--- ASSIGNMENT ---
Pick every line with "open" from the material below.

--- START ---

lemma norm_\<Phi>_minus_approx_le:
  assumes C: "\<And>t. t \<ge> 0 \<Longrightarrow> cmod (S t - \<omega> / 4) \<le> C" and K: "K \<ge> 1"
  shows "norm (\<Phi> - \<Phi>_approx K) \<le> C / (real K * Re \<omega>)"
proof -
  define \<alpha> where "\<alpha> = of_nat K * \<omega>"
  define I where "I T = integral {0..T} (\<lambda>t. of_real (cos t) * (S t - \<omega> / 4))" for T
  define P where "P T = (\<Sum>n=1..K. cos_exp_primitive (of_nat n * \<omega>) T - cos_exp_primitive (of_nat n * \<omega>) 0)" for T
  define J where "J T = integral {0..T} (\<lambda>t. of_real (cos t) * one_minus_exp_quot \<alpha> t)" for T
  have a: "Re \<alpha> > 0" and r: "real K * Re \<omega> > 0" using K Re_\<omega>_pos by (simp_all add: \<alpha>_def)
  have Re_n\<omega>: "Re (of_nat n * \<omega>) > 0" if "n \<in> {1..K}" for n
    using that Re_\<omega>_pos by simp
  have bound: "norm (I T - (\<omega> / 2) * P T + J T / 2) \<le> C / (real K * Re \<omega>)" if T: "T \<ge> 0" for T
  proof -
    define f where "f t = of_real (cos t) * (exp (- (of_nat K * \<omega> * of_real t)) * (S t - \<omega> / 4))" for t
    have "((\<lambda>t. of_real (cos t) * (S t - \<omega> / 4)) has_integral I T) {0..T}"
      unfolding I_def by (rule integrable_integral[OF has_integral_integrable[OF has_integral_cos_S_minus[OF T]]])
    moreover have "((\<lambda>t. \<Sum>n=1..K. of_real (cos t) * exp (- (of_nat n * \<omega> * of_real t))) has_integral P T) {0..T}"
      unfolding P_def using Re_n\<omega> one_plus_sq_nonzero[of _ 1]
      by (intro has_integral_sum has_integral_cos_exp T) auto
    moreover have "((\<lambda>t. of_real (cos t) * one_minus_exp_quot \<alpha> t) has_integral J T) {0..T}"
      unfolding J_def
      by (intro integrable_integral integrable_continuous_interval continuous_intros continuous_on_one_minus_exp_quot)
    ultimately have "((\<lambda>t. of_real (cos t) * (S t - \<omega> / 4)
          - (\<omega> / 2) * (\<Sum>n=1..K. of_real (cos t) * exp (- (of_nat n * \<omega> * of_real t)))
          + of_real (cos t) * one_minus_exp_quot \<alpha> t / 2) has_integral I T - (\<omega> / 2) * P T + J T / 2) {0..T}"
      by (intro has_integral_add has_integral_diff has_integral_mult_right has_integral_divide)
    hence "(f has_integral I T - (\<omega> / 2) * P T + J T / 2) {0..T}"
    proof (rule has_integral_eq[rotated])
      fix t :: real assume "t \<in> {0..T}"
      hence "of_real (cos t) * (S t - \<omega> / 4) = of_real (cos t) * ((\<omega> / 2) * (\<Sum>n=1..K. exp (- (of_nat n * \<omega> * of_real t)))
          + exp (- (of_nat K * \<omega> * of_real t)) * (S t - \<omega> / 4) - one_minus_exp_quot (of_nat K * \<omega>) t / 2)"
        using S_minus_truncated_expansion[of t K] by simp
      thus "of_real (cos t) * (S t - \<omega> / 4)
          - (\<omega> / 2) * (\<Sum>n=1..K. of_real (cos t) * exp (- (of_nat n * \<omega> * of_real t)))
          + of_real (cos t) * one_minus_exp_quot \<alpha> t / 2 = f t"
        by (simp add: f_def \<alpha>_def algebra_simps sum_distrib_left)
    qed
    hence "norm (I T - (\<omega> / 2) * P T + J T / 2) = norm (integral {0..T} f)"
      by (simp add: integral_unique)
    also have "\<dots> \<le> integral {0..T} (\<lambda>t. C * exp (- ((real K * Re \<omega>) * t)))"
    proof (rule integral_norm_bound_integral)
      show "f integrable_on {0..T}" using \<open>(f has_integral _) _\<close> by blast
      show "(\<lambda>t. C * exp (- ((real K * Re \<omega>) * t))) integrable_on {0..T}"
        by (intro integrable_continuous_interval continuous_intros)
      fix t assume "t \<in> {0..T}"
      hence "cmod (S t - \<omega> / 4) \<le> C" using C by simp
      hence "norm (exp (- (of_nat K * \<omega> * of_real t)) * (S t - \<omega> / 4)) \<le> C * exp (- ((real K * Re \<omega>) * t))"
        by (simp add: norm_mult norm_exp_eq_Re mult.commute mult_left_mono)
      thus "norm (f t) \<le> C * exp (- ((real K * Re \<omega>) * t))"
        unfolding f_def using norm_cos_times_le order_trans by blast
    qed
    also have "\<dots> = C * integral {0..T} (\<lambda>t. exp (- ((real K * Re \<omega>) * t)))"
      by simp
    also have "\<dots> \<le> C * (1 / (real K * Re \<omega>))"
      using integral_exp_neg_le[OF r T] C[of 0] norm_ge_zero[of "S 0 - \<omega> / 4"]
      by (intro mult_left_mono) linarith+
    finally show ?thesis by simp
  qed
  have "((\<lambda>T. I T - (\<omega> / 2) * P T + J T / 2) \<longlongrightarrow>
      \<Phi> - (\<omega> / 2) * (\<Sum>n=1..K. 0 - cos_exp_primitive (of_nat n * \<omega>) 0) + (Ln (1 + \<alpha> ^ 2) / 2) / 2) at_top"
    unfolding I_def P_def J_def
    by (intro tendsto_add tendsto_diff tendsto_mult tendsto_divide tendsto_sum tendsto_const
          tendsto_integral_cos_S_minus cos_exp_primitive_tendsto_0 Re_n\<omega> tendsto_integral_cos_one_minus_exp_quot a)
       auto
  moreover have "eventually (\<lambda>T. norm (I T - (\<omega> / 2) * P T + J T / 2) \<le> C / (real K * Re \<omega>)) at_top"
    using eventually_ge_at_top[of 0] by eventually_elim (rule bound)
  ultimately have "norm (\<Phi> - (\<omega> / 2) * (\<Sum>n=1..K. 0 - cos_exp_primitive (of_nat n * \<omega>) 0) + (Ln (1 + \<alpha> ^ 2) / 2) / 2)
      \<le> C / (real K * Re \<omega>)"
    by (intro Lim_norm_ubound) simp_all
  thus ?thesis
    by (simp add: \<Phi>_approx_def \<alpha>_def cos_exp_primitive_def algebra_simps)
qed

definition \<beta> :: complex where
  "\<beta> = u / (2 * of_real pi)"

lemma \<omega>_eq_inverse_\<beta>: "\<omega> = inverse \<beta>"
  by (simp add: \<omega>_def \<beta>_def)

lemma Re_\<beta>_pos: "Re \<beta> > 0"
  using Re_u_pos by (simp add: \<beta>_def)

lemma i\<beta>_plus_nonzero: "\<i> * \<beta> + of_nat n \<noteq> 0" "- (\<i> * \<beta>) + of_nat n \<noteq> 0"
  using Re_\<beta>_pos by (auto simp: complex_eq_iff)
text \<open>Pigeonhole: column \<open>j\<close> has fewer rows than the Garnir set has elements, and every
  column-permuted copy of the Garnir set lies in the rows of column \<open>j\<close>.\<close>

lemma garnir_rows_not_inj:
  assumes t: "t \<in> T" and c1: "(i, j) \<in> Y" and c2: "(i, Suc j) \<in> Y" and p: "p \<in> CS t"
  shows "\<not> inj_on (row t \<circ> inv p) (garnir_lower t i j \<union> garnir_upper t i j)"
proof
  define A where "A = garnir_lower t i j"
  define B where "B = garnir_upper t i j"
  define Rj where "Rj = {r. (r, j) \<in> Y}"
  assume inj: "inj_on (row t \<circ> inv p) (garnir_lower t i j \<union> garnir_upper t i j)"
  have pp: "p permutes {1..n}" and ip: "inv p \<in> CS t" using p CS_inv[OF p] by (auto simp: CS_altdef)
  have Bc: "(i', Suc j) \<in> Y" if "i' \<le> i" for i' using diagram_down_closed[OF c2 that] by simp
  have finRj: "finite Rj" unfolding Rj_def
    by (rule finite_subset[of _ "fst ` Y"]) (auto simp: image_iff intro!: bexI[where x="(_, j)"])
  have row_in_Rj: "row t (inv p k) \<in> Rj" if "k \<in> A \<union> B" for k
  proof -
    have k: "k \<in> {1..n}" using garnir_subset[OF t c2] that by (auto simp: A_def B_def)
    have "col t (inv p k) = col t k" using ip k by (simp add: CS_altdef)
    then have "col t (inv p k) \<in> {j, Suc j}"
      using that garnir_lower_col[OF t] garnir_upper_col[OF t c2] by (auto simp: A_def B_def)
    moreover have "(row t (inv p k), col t (inv p k)) \<in> Y"
      using cell_in(1)[OF t inv_perm_in_range[OF pp k]] by (simp add: row_def col_def)
    ultimately show ?thesis
      using diagram_down_closed[of "row t (inv p k)" "Suc j" "row t (inv p k)" j] by (auto simp: Rj_def)
  qed
  have cardA: "card A = card {r \<in> Rj. i \<le> r}"
  proof -
    have "A = t ` ((\<lambda>r. (r, j)) ` {r \<in> Rj. i \<le> r})" by (auto simp: A_def Rj_def garnir_lower_def)
    moreover have "inj_on t ((\<lambda>r. (r, j)) ` {r \<in> Rj. i \<le> r})"
      using tableau_inj[OF t] by (auto simp: inj_on_def Rj_def)
    moreover have "inj_on (\<lambda>r. (r, j)) {r \<in> Rj. i \<le> r}" by (auto simp: inj_on_def)
    ultimately show ?thesis by (simp add: card_image)
  qed
  have cardB: "card B = Suc i"
  proof -
    have "B = t ` ((\<lambda>r. (r, Suc j)) ` {..i})" by (auto simp: B_def garnir_upper_def)
    moreover have "inj_on t ((\<lambda>r. (r, Suc j)) ` {..i})"
      using tableau_inj[OF t] Bc by (simp add: inj_on_def) blast
    moreover have "inj_on (\<lambda>r. (r, Suc j)) {..i}" by (auto simp: inj_on_def)
    ultimately show ?thesis by (simp add: card_image)
  qed
  have "Rj = {r \<in> Rj. i \<le> r} \<union> {..<i}"
    unfolding Rj_def using diagram_down_closed[OF c1] by auto
  then have "card Rj = card {r \<in> Rj. i \<le> r} + i"
    using finRj card_Un_disjoint[of "{r \<in> Rj. i \<le> r}" "{..<i}"] by (metis (no_types, lifting)
        card_lessThan disjoint_iff finite_Un lessThan_iff mem_Collect_eq not_le)
  moreover have "card (A \<union> B) = card A + card B"
    using garnir_disjoint[OF t c2] garnir_subset[OF t c2]
    by (intro card_Un_disjoint) (auto simp: A_def B_def intro: finite_subset)
  moreover have "card (A \<union> B) \<le> card Rj"
    using inj row_in_Rj finRj by (intro card_inj_on_le) (auto simp: A_def B_def)
  ultimately show False using cardA cardB by simp
qed

lemma sum_sign_transpose_invariant:
  fixes g :: "('a \<Rightarrow> 'a) \<Rightarrow> real"
  assumes D: "finite D" and xy: "x \<in> D" "y \<in> D" "x \<noteq> y"
    and inv: "\<And>\<sigma>. \<sigma> permutes D \<Longrightarrow> g (\<sigma> \<circ> Transposition.transpose x y) = g \<sigma>"
  shows "(\<Sum>\<sigma>\<in>{\<sigma>. \<sigma> permutes D}. of_int (sign \<sigma>) * g \<sigma>) = 0"
proof -
  let ?\<tau> = "Transposition.transpose x y"
  let ?f = "\<lambda>\<sigma>. of_int (sign \<sigma>) * g \<sigma>"
  have \<tau>: "?\<tau> permutes D" using xy by (intro permutes_swap_id)
  have \<tau>\<tau>: "\<sigma> \<circ> ?\<tau> \<circ> ?\<tau> = \<sigma>" for \<sigma> :: "'a \<Rightarrow> 'a" by (simp add: comp_assoc)
  have neg: "?f (\<sigma> \<circ> ?\<tau>) = - ?f \<sigma>" if "\<sigma> permutes D" for \<sigma>
    using that \<tau> xy(3) inv[OF that]
    by (simp add: sign_compose permutes_imp_permutation[OF D] sign_swap_id)
  have "sum ?f {\<sigma>. \<sigma> permutes D} = (\<Sum>\<sigma>\<in>{\<sigma>. \<sigma> permutes D}. ?f (\<sigma> \<circ> ?\<tau>))"
    by (rule sum.reindex_bij_witness[where i = "\<lambda>\<sigma>. \<sigma> \<circ> ?\<tau>" and j = "\<lambda>\<sigma>. \<sigma> \<circ> ?\<tau>"])
       (auto simp: \<tau>\<tau> permutes_compose[OF \<tau>])
  also have "\<dots> = - sum ?f {\<sigma>. \<sigma> permutes D}"
    by (simp add: neg sum_negf)
  finally show ?thesis by simp
qed

text \<open>The Garnir relation: alternating over all permutations of the Garnir set kills \<open>e t\<close>,
  because each tabloid \<open>{p t}\<close> is fixed by a transposition of two entries in the same row.\<close>

lemma garnir_relation:
  assumes t: "t \<in> T" and c1: "(i, j) \<in> Y" and c2: "(i, Suc j) \<in> Y"
  shows "(\<Sum>\<sigma>\<in>{\<sigma>. \<sigma> permutes garnir_lower t i j \<union> garnir_upper t i j}.
            of_int (sign \<sigma>) * e (\<sigma> \<circ> t) R) = 0"
proof -
  define D where "D = garnir_lower t i j \<union> garnir_upper t i j"
  define P where "P = {\<sigma>. \<sigma> permutes D}"
  have Dn: "D \<subseteq> {1..n}" using garnir_subset[OF t c2] by (simp add: D_def)
  have finD: "finite D" using Dn finite_subset by blast
  have Pn: "\<sigma> permutes {1..n}" if "\<sigma> \<in> P" for \<sigma>
    using that Dn unfolding P_def by (auto intro: permutes_subset)
  have inner: "(\<Sum>\<sigma>\<in>P. of_int (sign \<sigma>) * (if tab (\<sigma> \<circ> p \<circ> t) = R then 1 else 0)) = (0::real)"
    if p: "p \<in> CS t" for p
  proof -
    have pp: "p permutes {1..n}" using p by (simp add: CS_altdef)
    obtain x y where xy: "x \<in> D" "y \<in> D" "x \<noteq> y" "row t (inv p x) = row t (inv p y)"
      using garnir_rows_not_inj[OF t c1 c2 p] unfolding inj_on_def D_def by auto
    let ?\<tau> = "Transposition.transpose x y"
    have row_swap: "tab (p \<circ> t) \<circ> ?\<tau> = tab (p \<circ> t)"
    proof -
      have "tab (p \<circ> t) x = tab (p \<circ> t) y"
        using xy Dn row_perm[OF t pp] by (auto simp: tab_eq_row)
      then show ?thesis by (auto simp: transpose_def fun_eq_iff)
    qed
    show ?thesis unfolding P_def
    proof (rule sum_sign_transpose_invariant[OF finD xy(1-3)])
      fix \<sigma> assume \<sigma>: "\<sigma> permutes D"
      have \<tau>: "?\<tau> permutes D" using xy by (intro permutes_swap_id)
      have \<sigma>n: "\<sigma> permutes {1..n}" and \<sigma>\<tau>n: "\<sigma> \<circ> ?\<tau> permutes {1..n}"
        using Pn \<sigma> permutes_compose[OF \<tau> \<sigma>] by (auto simp: P_def)
      have "inv (\<sigma> \<circ> ?\<tau>) = ?\<tau> \<circ> inv \<sigma>"
        using permutes_bij[OF \<sigma>] by (simp add: o_inv_distrib inv_unique_comp)
      then have "tab (\<sigma> \<circ> ?\<tau> \<circ> p \<circ> t) = tab (\<sigma> \<circ> p \<circ> t)"
        using tab_comp_perm[OF t \<sigma>\<tau>n pp] tab_comp_perm[OF t \<sigma>n pp] row_swap
        by (metis comp_assoc)
      then show "(if tab (\<sigma> \<circ> ?\<tau> \<circ> p \<circ> t) = R then 1 else 0) = (if tab (\<sigma> \<circ> p \<circ> t) = R then 1 else 0)"
        by simp
    qed
  qed
  have "(\<Sum>\<sigma>\<in>P. of_int (sign \<sigma>) * e (\<sigma> \<circ> t) R)
      = (\<Sum>\<sigma>\<in>P. \<Sum>p\<in>CS t. of_int (sign \<sigma>) * (of_int (sign p) * (if tab (\<sigma> \<circ> p \<circ> t) = R then 1 else 0)))"
    by (rule sum.cong[OF refl]) (simp add: e_comp_expand[OF t Pn] sum_distrib_left)
  also have "\<dots> = (\<Sum>p\<in>CS t. of_int (sign p) * (\<Sum>\<sigma>\<in>P. of_int (sign \<sigma>) * (if tab (\<sigma> \<circ> p \<circ> t) = R then 1 else 0)))"
    by (subst sum.swap) (simp add: sum_distrib_left algebra_simps)
  also have "\<dots> = 0" using inner by simp
  finally show ?thesis unfolding P_def D_def .
qed
lemma ex_lower_set:
  fixes x :: "'p::finite \<Rightarrow> 'v::linorder"
  assumes "i \<le> card (UNIV :: 'p set)"
  shows "\<exists>P. card P = i \<and> (\<forall>a\<in>P. \<forall>b. b \<notin> P \<longrightarrow> x a \<le> x b)"
proof -
  obtain xs where xs: "set xs = (UNIV :: 'p set)" "distinct xs"
    using finite_distinct_list[of "UNIV :: 'p set"] by auto
  define ys where "ys = sort_key x xs"
  have ys: "set ys = UNIV" "distinct ys" "sorted (map x ys)" "length ys = card (UNIV :: 'p set)"
    using xs by (auto simp: ys_def distinct_card[symmetric])
  define P where "P = set (take i ys)"
  have "card P = i"
    using ys assms by (simp add: P_def distinct_card)
  moreover have "x a \<le> x b" if "a \<in> P" "b \<notin> P" for a b
  proof -
    have "b \<in> set (drop i ys)"
      using that(2) ys(1) unfolding P_def by (metis UNIV_I UnE append_take_drop_id set_append)
    moreover have "sorted (map x (take i ys) @ map x (drop i ys))"
      using ys(3) by (metis append_take_drop_id map_append)
    ultimately show ?thesis
      using that(1) unfolding P_def sorted_append by auto
  qed
  ultimately show ?thesis by blast
qed

lemma card_range_le_if_bounded_by_lower_set:
  fixes d x :: "'p::finite \<Rightarrow> 'v::linorder"
  assumes lower: "\<And>a b. a \<in> P \<Longrightarrow> b \<notin> P \<Longrightarrow> x a \<le> x b"
    and valid: "\<And>p. d p \<in> range x"
    and bounded: "\<And>p. p \<in> Q \<Longrightarrow> \<exists>q\<in>P. d p \<le> x q"
  shows "card (range d) \<le> card P + (card (UNIV :: 'p set) - card Q)"
proof -
  have "d ` Q \<subseteq> x ` P"
  proof
    fix v assume "v \<in> d ` Q"
    then obtain p q b where "p \<in> Q" "v = d p" "q \<in> P" "d p \<le> x q" "d p = x b"
      using valid bounded by blast
    then show "v \<in> x ` P"
      using lower by (cases "b \<in> P") (auto intro!: image_eqI[of _ _ q] order.antisym)
  qed
  then have "range d \<subseteq> x ` P \<union> d ` (UNIV - Q)"
    by blast
  then have "card (range d) \<le> card (x ` P \<union> d ` (UNIV - Q))"
    by (intro card_mono) auto
  also have "\<dots> \<le> card P + card (UNIV - Q)"
    by (intro order.trans[OF card_Un_le] add_mono card_image_le) simp_all
  also have "card (UNIV - Q) = card (UNIV :: 'p set) - card Q"
    by (simp add: card_Diff_subset)
  finally show ?thesis .
qed

lemma gprod_eq_relcomp: "gprod G H = G O H"
  by (auto simp: gprod_def)

lemma spow_subset_graphs: "S \<subseteq> graphs \<Longrightarrow> spow S t \<subseteq> graphs"
  by (induction t) (auto simp: graphs_def gprod_def)

lemma spow_nonempty: "S \<noteq> {} \<Longrightarrow> spow S t \<noteq> {}"
  by (induction t) auto

lemma eqdom_le_card:
  assumes "G \<in> graphs"
  shows "eqdom (G :: ('p::finite \<times> 'p) set) \<le> card (UNIV :: 'p set)"
proof -
  have "OutS G P = UNIV" if "card P = card (UNIV :: 'p set)" for P :: "'p set"
  proof -
    have "P = UNIV" using that by (simp add: card_eq_UNIV_imp_eq_UNIV)
    then show ?thesis using assms by (auto simp: OutS_def Out_def graphs_def)
  qed
  moreover have "1 \<le> card (UNIV :: 'p set)"
    using finite_UNIV_card_ge_0[where 'a = 'p] by simp
  ultimately show ?thesis
    unfolding eqdom_def by (intro Min_le) auto
qed

lemma eqdom_set_le_card:
  assumes "T \<noteq> {}" "T \<subseteq> graphs"
  shows "eqdom_set (T :: ('p::finite \<times> 'p) set set) \<le> card (UNIV :: 'p set)"
  unfolding eqdom_set_def using assms eqdom_le_card by (auto simp: Max_le_iff)

lemma cov_set_le_card_OutS:
  assumes "G \<in> T" "G \<subseteq> H" "card P = i"
  shows "cov_set i (T :: ('p::finite \<times> 'p) set set) \<le> card (OutS H P)"
proof -
  have "cov_set i T \<le> cov i G"
    unfolding cov_set_def using assms(1) by simp
  also have "\<dots> \<le> card (OutS G P)"
    unfolding cov_def using assms(3) by (intro Min_le) auto
  also have "\<dots> \<le> card (OutS H P)"
    using assms(2) by (intro card_mono) (auto simp: OutS_def Out_def)
  finally show ?thesis .
qed

text \<open>The self-loops make every process keep its own value even if a round graph lacks them.\<close>

fun heard_of :: "(nat \<Rightarrow> ('p \<times> 'p) set) \<Rightarrow> nat \<Rightarrow> ('p \<times> 'p) set" where
  "heard_of Gs 0 = Id"
| "heard_of Gs (Suc t) = heard_of Gs t O (Gs (Suc t) \<union> Id)"

lemma heard_of_refl: "(p, p) \<in> heard_of Gs t"
  by (induction t) auto

lemma spow_below_heard_of:
  assumes "\<forall>t. Gs t \<in> closed_above S"
  shows "\<exists>G\<in>spow S t. G \<subseteq> heard_of Gs t"
proof (induction t)
  case 0 then show ?case by simp
next
  case (Suc t)
  then obtain G where "G \<in> spow S t" "G \<subseteq> heard_of Gs t" by blast
  moreover obtain H where "H \<in> S" "H \<subseteq> Gs (Suc t)"
    using assms unfolding closed_above_def up_def by blast
  ultimately have "gprod G H \<in> spow S (Suc t)" "G O H \<subseteq> heard_of Gs (Suc t)"
    by auto
  then show ?case
    unfolding gprod_eq_relcomp by blast
qed

fun view_value :: "('p, 'v) view \<Rightarrow> 'v" where
  "view_value (Init p v) = v"
| "view_value (Step s f) = view_value s"

definition min_flood_trans ::
  "nat \<Rightarrow> 'p \<Rightarrow> ('p, 'v::linorder) view \<Rightarrow> ('p \<Rightarrow> ('p, 'v) view option) \<Rightarrow> ('p, 'v) view" where
  "min_flood_trans t p s M = Init p (Min (insert (view_value s) (view_value ` ran M)))"

abbreviation min_flood_run ::
  "(nat \<Rightarrow> ('p \<times> 'p) set) \<Rightarrow> ('p \<Rightarrow> 'v::linorder) \<Rightarrow> nat \<Rightarrow> 'p \<Rightarrow> ('p, 'v) view" where
  "min_flood_run \<equiv> run Init (\<lambda>t p s. s) min_flood_trans"

lemma min_flood_run_Suc:
  fixes Gs :: "nat \<Rightarrow> ('p::finite \<times> 'p) set"
  shows "view_value (min_flood_run Gs x (Suc t) p) =
    Min ((\<lambda>q. view_value (min_flood_run Gs x t q)) ` insert p (In (Gs (Suc t)) p))"
proof -
  let ?M = "\<lambda>q. if q \<in> In (Gs (Suc t)) p then Some (min_flood_run Gs x t q) else None"
  have "ran ?M = (\<lambda>q. min_flood_run Gs x t q) ` In (Gs (Suc t)) p"
    by (auto simp: ran_def split: if_splits)
  then show ?thesis
    by (simp add: min_flood_trans_def image_image)
qed

lemma min_flood_value:
  fixes Gs :: "nat \<Rightarrow> ('p::finite \<times> 'p) set"
  shows "view_value (min_flood_run Gs x t p) = Min (x ` {q. (q, p) \<in> heard_of Gs t})"
proof (induction t arbitrary: p)
  case 0 then show ?case by simp
next
  case (Suc t)
  define W where "W = insert p (In (Gs (Suc t)) p)"
  have "view_value (min_flood_run Gs x (Suc t) p) =
      Min ((\<lambda>w. view_value (min_flood_run Gs x t w)) ` W)"
    unfolding W_def by (rule min_flood_run_Suc)
  also have "\<dots> = Min ((\<lambda>w. Min (x ` {q. (q, w) \<in> heard_of Gs t})) ` W)"
    by (simp only: Suc.IH)
  also have "\<dots> = Min (x ` (\<Union>w\<in>W. {q. (q, w) \<in> heard_of Gs t}))"
    by (rule Min_image_UN[symmetric]) (auto simp: W_def intro: heard_of_refl)
  also have "(\<Union>w\<in>W. {q. (q, w) \<in> heard_of Gs t}) = {q. (q, p) \<in> heard_of Gs (Suc t)}"
    by (auto simp: W_def In_def)
  finally show ?case .
qed

lemma min_flood_valid:
  fixes Gs :: "nat \<Rightarrow> ('p::finite \<times> 'p) set"
  shows "view_value (min_flood_run Gs x t p) \<in> range x"
proof -
  have "x ` {q. (q, p) \<in> heard_of Gs t} \<noteq> {}"
    using heard_of_refl[of p Gs t] by blast
  then have "Min (x ` {q. (q, p) \<in> heard_of Gs t}) \<in> x ` {q. (q, p) \<in> heard_of Gs t}"
    by (intro Min_in) simp_all
  then show ?thesis
    unfolding min_flood_value by blast
qed

lemma min_flood_le_input:
  fixes Gs :: "nat \<Rightarrow> ('p::finite \<times> 'p) set"
  assumes "(q, p) \<in> heard_of Gs t"
  shows "view_value (min_flood_run Gs x t p) \<le> x q"
  unfolding min_flood_value using assms by simp

lemma ksa_solvable_by_min_flood:
  assumes "\<And>(Gs :: nat \<Rightarrow> ('p \<times> 'p) set) (x :: 'p \<Rightarrow> 'v).
    \<forall>t. Gs t \<in> A \<Longrightarrow> card (range (\<lambda>p. view_value (min_flood_run Gs x r p))) \<le> k"
  shows "ksa_solvable TYPE('v::linorder) k r (A :: ('p::finite \<times> 'p) set set)"
proof -
  have "(\<forall>p. \<exists>q. view_value (min_flood_run Gs x r p) = x q) \<and>
      card (range (\<lambda>p. view_value (min_flood_run Gs x r p))) \<le> k"
    if "\<forall>t. Gs t \<in> A" for Gs :: "nat \<Rightarrow> ('p \<times> 'p) set" and x :: "'p \<Rightarrow> 'v"
    using min_flood_valid assms[OF that] by blast
  then show ?thesis
    unfolding ksa_solvable_def Let_def
    by (intro exI[of _ Init] exI[of _ "\<lambda>t p s. s"] exI[of _ min_flood_trans]
        exI[of _ "\<lambda>p. view_value"]) simp
qed

theorem theorem8:
  fixes S :: "('p::finite \<times> 'p) set set" and r i :: nat
  assumes "S \<noteq> {}" and "S \<subseteq> graphs" and "r > 0"
    and "1 \<le> i" and "i < eqdom_set (spow S r)"
  shows "ksa_solvable TYPE('v::linorder) (i + (card (UNIV :: 'p set) - cov_set i (spow S r))) r
           (closed_above S)"
proof (rule ksa_solvable_by_min_flood)
  fix Gs :: "nat \<Rightarrow> ('p \<times> 'p) set" and x :: "'p \<Rightarrow> 'v"
  assume rounds: "\<forall>t. Gs t \<in> closed_above S"
  let ?d = "\<lambda>p. view_value (min_flood_run Gs x r p)"
  have "eqdom_set (spow S r) \<le> card (UNIV :: 'p set)"
    using assms(1,2) by (intro eqdom_set_le_card spow_nonempty spow_subset_graphs)
  then obtain P where P: "card P = i" "\<forall>a\<in>P. \<forall>b. b \<notin> P \<longrightarrow> x a \<le> x b"
    using ex_lower_set[of i x] assms(5) by force
  obtain G where G: "G \<in> spow S r" "G \<subseteq> heard_of Gs r"
    using spow_below_heard_of[OF rounds] by blast
  define Q where "Q = OutS (heard_of Gs r) P"
  have bounded: "\<exists>q\<in>P. ?d p \<le> x q" if p: "p \<in> Q" for p
  proof -
    obtain q where "q \<in> P" "(q, p) \<in> heard_of Gs r"
      using p unfolding Q_def OutS_def Out_def by blast
    then show ?thesis
      using min_flood_le_input by blast
  qed
  have "card (range ?d) \<le> card P + (card (UNIV :: 'p set) - card Q)"
    by (rule card_range_le_if_bounded_by_lower_set[of P x])
      (use P(2) min_flood_valid bounded in blast)+
  moreover have "cov_set i (spow S r) \<le> card Q"
    unfolding Q_def using G P(1) by (rule cov_set_le_card_OutS)
  ultimately show "card (range ?d) \<le> i + (card (UNIV :: 'p set) - cov_set i (spow S r))"
    using P(1) by linarith
qed

end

--- END ---

--- ANSWER TO THIS EXERCISE ---
      show "f integrable_on {0..T}" using \<open>(f has_integral _) _\<close> by blast
text \<open>Pigeonhole: column \<open>j\<close> has fewer rows than the Garnir set has elements, and every
  column-permuted copy of the Garnir set lies in the rows of column \<open>j\<close>.\<close>
text \<open>The Garnir relation: alternating over all permutations of the Garnir set kills \<open>e t\<close>,
  because each tabloid \<open>{p t}\<close> is fixed by a transposition of two entries in the same row.\<close>
text \<open>The self-loops make every process keep its own value even if a round graph lacks them.\<close>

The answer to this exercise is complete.